1) This can help people understand the tools that could assist them with their
normal day jobs as hey gain the confidence to look into writing scripts and
macros. IT staff in particular frequently lack any coding (scripting) skills
unless they themselves are developers or Unix sysadmins.

2) They will have a better understanding of the web technologies they run
across in their daily lives. This applies especially well to Codecademy users
who learn JavaScript. 3) Learning to code teaches you to break a problem into
parts and think analytically. Our society could use more people with good
critical thinking skills, we can probably all agree.

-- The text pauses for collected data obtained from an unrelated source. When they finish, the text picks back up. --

lemma inj_on_phi:
  assumes "p \<ge> 2" "r \<ge> 1"
  shows "inj_on (phi p r) {..<p ^ r}"
proof (rule inj_onI)
  fix u v
  assume u: "u \<in> {..<p ^ r}" and v: "v \<in> {..<p ^ r}" and eq: "phi p r u = phi p r v"
  have top: "digit p (r - 1) u = digit p (r - 1) v"
    using assms eq nth_phi_0[of p r u] nth_phi_0[of p r v] by simp
  show "u = v"
  proof (rule digits_eq_imp_eq[of p])
    fix k
    assume "k < r"
    show "digit p k u = digit p k v"
    proof (cases "k = r - 1")
      case False
      with \<open>k < r\<close> have "k < r - 1" by simp
      then have "[digit p (r - 1) u + digit p k u = digit p (r - 1) u + digit p k v] (mod p)"
        using assms eq top nth_phi_power[of p k r u] nth_phi_power[of p k r v] by (simp add: cong_def)
      then show ?thesis
        using assms by (simp only: cong_add_lcancel_nat) (simp add: cong_def digit_less)
    qed (use top in simp)
  qed (use assms u v in auto)
qed

lemma nth_concat_equal_length:
  assumes "\<forall>x\<in>set xs. length (f x) = n" "a < length xs" "b < n"
  shows "concat (map f xs) ! (a * n + b) = f (xs ! a) ! b"
  using assms
proof (induction xs arbitrary: a)
  case Nil
  then show ?case by simp
next
  case (Cons x xs)
  then show ?case
    by (cases a) (simp_all add: nth_append)
qed

lemma nth_gamma_Phi:
  assumes "p > 0" "length v = p" "k < p ^ Suc m"
  shows "gamma p (Suc (Suc m)) (Phi p (Suc m) v) ! k = phi p (Suc m) (v ! (k mod p)) ! (k div p)"
proof -
  have "k div p < p ^ m"
    using assms by (simp add: div_less_iff_less_mult mult.commute)
  then have "Phi p (Suc m) v ! (k mod p * p ^ m + k div p) = phi p (Suc m) (v ! (k mod p)) ! (k div p)"
    unfolding Phi_def using assms by (intro nth_concat_equal_length) (simp_all add: length_phi)
  then show ?thesis
    using assms by (simp add: gamma_def)
qed

lemma gamma_Phi_inj:
  assumes "p \<ge> 2" "length v = p" "length w = p"
    and "\<forall>x\<in>set v. x < p ^ Suc m" "\<forall>x\<in>set w. x < p ^ Suc m"
    and eq: "gamma p (Suc (Suc m)) (Phi p (Suc m) v) = gamma p (Suc (Suc m)) (Phi p (Suc m) w)"
  shows "v = w"
proof (rule nth_equalityI)
  show "length v = length w"
    using assms by simp
  fix a
  assume "a < length v"
  then have a: "a < p"
    using assms by simp
  have "phi p (Suc m) (v ! a) = phi p (Suc m) (w ! a)"
  proof (rule nth_equalityI)
    show "length (phi p (Suc m) (v ! a)) = length (phi p (Suc m) (w ! a))"
      by (simp add: length_phi)
    fix b
    assume "b < length (phi p (Suc m) (v ! a))"
    then have "a + b * p < p ^ Suc m"
      using a add_mult_less_mult[of a p b "p ^ m"] by (simp add: length_phi mult.commute)
    moreover have "(a + b * p) mod p = a" "(a + b * p) div p = b"
      using a by simp_all
    ultimately show "phi p (Suc m) (v ! a) ! b = phi p (Suc m) (w ! a) ! b"
      using assms nth_gamma_Phi[of p v "a + b * p" m] nth_gamma_Phi[of p w "a + b * p" m]
      by simp
  qed
  then show "v ! a = w ! a"
    using assms a inj_on_phi[of p "Suc m"] by (simp add: inj_on_def)
qed

definition tau_closed :: "nat \<Rightarrow> nat \<Rightarrow> nat \<Rightarrow> nat list" where
  "tau_closed p s u = map (\<lambda>a. (u div p + u mod p * a * p ^ (s - 2)) mod p ^ (s - 1)) [0..<p]"

lemma length_tau_closed: "length (tau_closed p s u) = p"
  by (simp add: tau_closed_def)

lemma nth_tau_closed:
  "a < p \<Longrightarrow> tau_closed p s u ! a = (u div p + u mod p * a * p ^ (s - 2)) mod p ^ (s - 1)"
  by (simp add: tau_closed_def)

lemma nth_phi_tau_closed:
  assumes "p > 0" "a < p" "b < p ^ m"
  shows "phi p (Suc m) (tau_closed p (Suc (Suc m)) u ! a) ! b = phi p (Suc (Suc m)) u ! (a + b * p)"
proof -
  define w where "w = (u div p + u mod p * a * p ^ m) mod p ^ Suc m"
  have w: "tau_closed p (Suc (Suc m)) u ! a = w"
    using assms by (simp add: tau_closed_def w_def)
  have digit_w_low: "digit p k w = digit p (Suc k) u" if "k < m" for k
    using assms that digit_mod_power[of p k "Suc m"]
    by (simp add: w_def digit_add_mult_power_low digit_Suc del: power_Suc)
  have digit_w_top: "digit p m w = (digit p (Suc m) u + u mod p * a) mod p"
    using assms digit_mod_power[of p m "Suc m"]
    by (simp add: w_def digit_add_mult_power digit_Suc del: power_Suc)
  have "(\<Sum>k<Suc m. digit p k u * digit p k (a + b * p))
      = u mod p * a + (\<Sum>k<m. digit p (Suc k) u * digit p k b)"
    unfolding sum.lessThan_Suc_shift using assms by (simp add: digit_add_mult_Suc digit_0)
  then have "phi p (Suc (Suc m)) u ! (a + b * p)
      = (digit p (Suc m) u + u mod p * a + (\<Sum>k<m. digit p (Suc k) u * digit p k b)) mod p"
    using assms add_mult_less_mult[of a p b "p ^ m"]
    by (simp add: nth_phi mult.commute add.assoc)
  also have "\<dots> = phi p (Suc m) w ! b"
    using assms by (simp add: nth_phi digit_w_low digit_w_top mod_add_left_eq)
  finally show ?thesis
    using w by simp
qed

lemma gamma_Phi_tau_closed:
  assumes "p > 0"
  shows "gamma p (Suc (Suc m)) (Phi p (Suc m) (tau_closed p (Suc (Suc m)) u)) = phi p (Suc (Suc m)) u"
proof (rule nth_equalityI)
  show "length (gamma p (Suc (Suc m)) (Phi p (Suc m) (tau_closed p (Suc (Suc m)) u)))
      = length (phi p (Suc (Suc m)) u)"
    by (simp add: gamma_def length_phi)
  fix k
  assume "k < length (gamma p (Suc (Suc m)) (Phi p (Suc m) (tau_closed p (Suc (Suc m)) u)))"
  then have k: "k < p ^ Suc m"
    by (simp add: gamma_def)
  then have "k div p < p ^ m"
    using assms by (simp add: div_less_iff_less_mult mult.commute)
  then show "gamma p (Suc (Suc m)) (Phi p (Suc m) (tau_closed p (Suc (Suc m)) u)) ! k
      = phi p (Suc (Suc m)) u ! k"
    using assms k
    by (simp add: nth_gamma_Phi length_tau_closed nth_phi_tau_closed)
qed

lemma tau_closed_less: "p > 0 \<Longrightarrow> x \<in> set (tau_closed p s u) \<Longrightarrow> x < p ^ (s - 1)"
  by (auto simp: tau_closed_def)

lemma tau_eq_tau_closed:
  assumes "p \<ge> 2"
  shows "tau p (Suc (Suc m)) u = tau_closed p (Suc (Suc m)) u"
  unfolding tau_def diff_Suc_1
proof (rule the_equality)
  let ?T = "tau_closed p (Suc (Suc m)) u"
  have bound: "\<forall>x\<in>set ?T. x < p ^ Suc m"
    using assms tau_closed_less[of p _ "Suc (Suc m)"] by simp
  have image: "gamma p (Suc (Suc m)) (Phi p (Suc m) ?T) = phi p (Suc (Suc m)) u"
    using assms by (intro gamma_Phi_tau_closed) simp
  show "length ?T = p \<and> (\<forall>x\<in>set ?T. x < p ^ Suc m)
      \<and> gamma p (Suc (Suc m)) (Phi p (Suc m) ?T) = phi p (Suc (Suc m)) u"
    using bound image by (simp add: length_tau_closed)
  fix v
  assume v: "length v = p \<and> (\<forall>x\<in>set v. x < p ^ Suc m)
      \<and> gamma p (Suc (Suc m)) (Phi p (Suc m) v) = phi p (Suc (Suc m)) u"
  show "v = ?T"
    by (rule gamma_Phi_inj[of p v ?T m]) (use assms v bound image in \<open>simp_all add: length_tau_closed\<close>)
qed

lemma vsum_eq_map:
  assumes "\<forall>v\<in>set vs. length v = n"
  shows "vsum n m vs = map (\<lambda>a. (\<Sum>v\<leftarrow>vs. v ! a) mod m) [0..<n]"
  using assms
proof (induction vs)
  case Nil
  then show ?case
    by (simp add: vsum_def map_replicate_trivial)
next
  case (Cons v vs)
  then show ?case
    by (intro nth_equalityI) (simp_all add: vsum_def vadd_def mod_add_right_eq)
qed

lemma sum_mult_powers_div:
  fixes p :: nat
  shows "(\<Sum>i<n. f i * p ^ i) div p = (\<Sum>i<n. f i * p ^ i div p)"
proof (induction n)
  case (Suc n)
  then show ?case
    by (cases n) (simp_all add: div_plus_div_distrib_dvd_right)
qed simp

lemma sum_mult_powers_mod:
  fixes p :: nat
  shows "(\<Sum>i<n. f i * p ^ i) mod p = (\<Sum>i<n. f i * p ^ i mod p)"
proof (induction n)
  case (Suc n)
  show ?case
  proof (cases "n = 0")
    case False
    then have "p dvd f n * p ^ n"
      by simp
    then show ?thesis
      using Suc.IH by auto
  qed simp
qed simp

lemma vsum_tau_closed_mult_powers:
  "vsum p (p ^ Suc m) (map (\<lambda>i. tau_closed p (Suc (Suc m)) (f i * p ^ i)) [0..<n])
    = tau_closed p (Suc (Suc m)) (\<Sum>i<n. f i * p ^ i)"
proof -
  let ?u = "\<lambda>i. f i * p ^ i"
  have "vsum p (p ^ Suc m) (map (\<lambda>i. tau_closed p (Suc (Suc m)) (?u i)) [0..<n])
      = map (\<lambda>a. (\<Sum>i<n. tau_closed p (Suc (Suc m)) (?u i) ! a) mod p ^ Suc m) [0..<p]"
    by (simp add: vsum_eq_map length_tau_closed interv_sum_list_conv_sum_set_nat atLeast0LessThan)
  also have "\<dots> = map (\<lambda>a. (\<Sum>i<n. ?u i div p + ?u i mod p * a * p ^ m) mod p ^ Suc m) [0..<p]"
    by (intro map_cong refl) (simp add: nth_tau_closed mod_sum_eq)
  also have "\<dots> = map (\<lambda>a. ((\<Sum>i<n. ?u i) div p + (\<Sum>i<n. ?u i) mod p * a * p ^ m) mod p ^ Suc m) [0..<p]"
    by (simp only: sum_mult_powers_div sum_mult_powers_mod sum.distrib sum_distrib_right)
  also have "\<dots> = tau_closed p (Suc (Suc m)) (\<Sum>i<n. ?u i)"
    by (simp add: tau_closed_def)
  finally show ?thesis .
qed

theorem proposition1:
  fixes p s :: nat and lam :: "nat \<Rightarrow> nat"
  assumes "prime p" and "s \<ge> 2" and "\<forall>i<s. lam i < p"
  shows "phi p s (\<Sum>i<s. lam i * p ^ i) =
         gamma p s (Phi p (s - 1) (vsum p (p ^ (s - 1)) (map (\<lambda>i. tau p s (lam i * p ^ i)) [0..<s])))"
proof -
  have "p \<ge> 2"
    using \<open>prime p\<close> by (rule prime_ge_2_nat)
  then have "p > 0"
    by simp
  obtain m where s: "s = Suc (Suc m)"
    using \<open>s \<ge> 2\<close> by (metis add_2_eq_Suc le_Suc_ex)
  have "map (\<lambda>i. tau p s (lam i * p ^ i)) [0..<s] = map (\<lambda>i. tau_closed p s (lam i * p ^ i)) [0..<s]"
    using \<open>p \<ge> 2\<close> unfolding s by (simp only: tau_eq_tau_closed)
  then have "vsum p (p ^ (s - 1)) (map (\<lambda>i. tau p s (lam i * p ^ i)) [0..<s])
      = tau_closed p s (\<Sum>i<s. lam i * p ^ i)"
    unfolding s diff_Suc_1 by (simp only: vsum_tau_closed_mult_powers)
  then show ?thesis
    using \<open>p > 0\<close> unfolding s diff_Suc_1 by (simp only: gamma_Phi_tau_closed)
qed

end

4) Everyone in an enterprise should have a core understanding of the elements
of major functions. Yes, this means programmers should understand the very
basics of finance and human resources and probably other areas that don't
occur to me at the moment.

There are two kinds of elitism: believing that decisions should be made by the
most informed and qualified individuals versus believing that those who do not
belong to the "elite" have no business even dabbling in affairs beyond their
supposed comprehension. The latter isn't healthy to any organization, much
less broader society.

------
typicalrunt
Why not go the other way and make all employees learn about business and
financial matters? Or would that be too dangerous, allowing for employees to
become entrepreneurs and, possibly, lose them to their own startups?

------
grout
Based on that picture, I pity the employees.

------
omerta
There's a big difference between learning syntax and learning to code.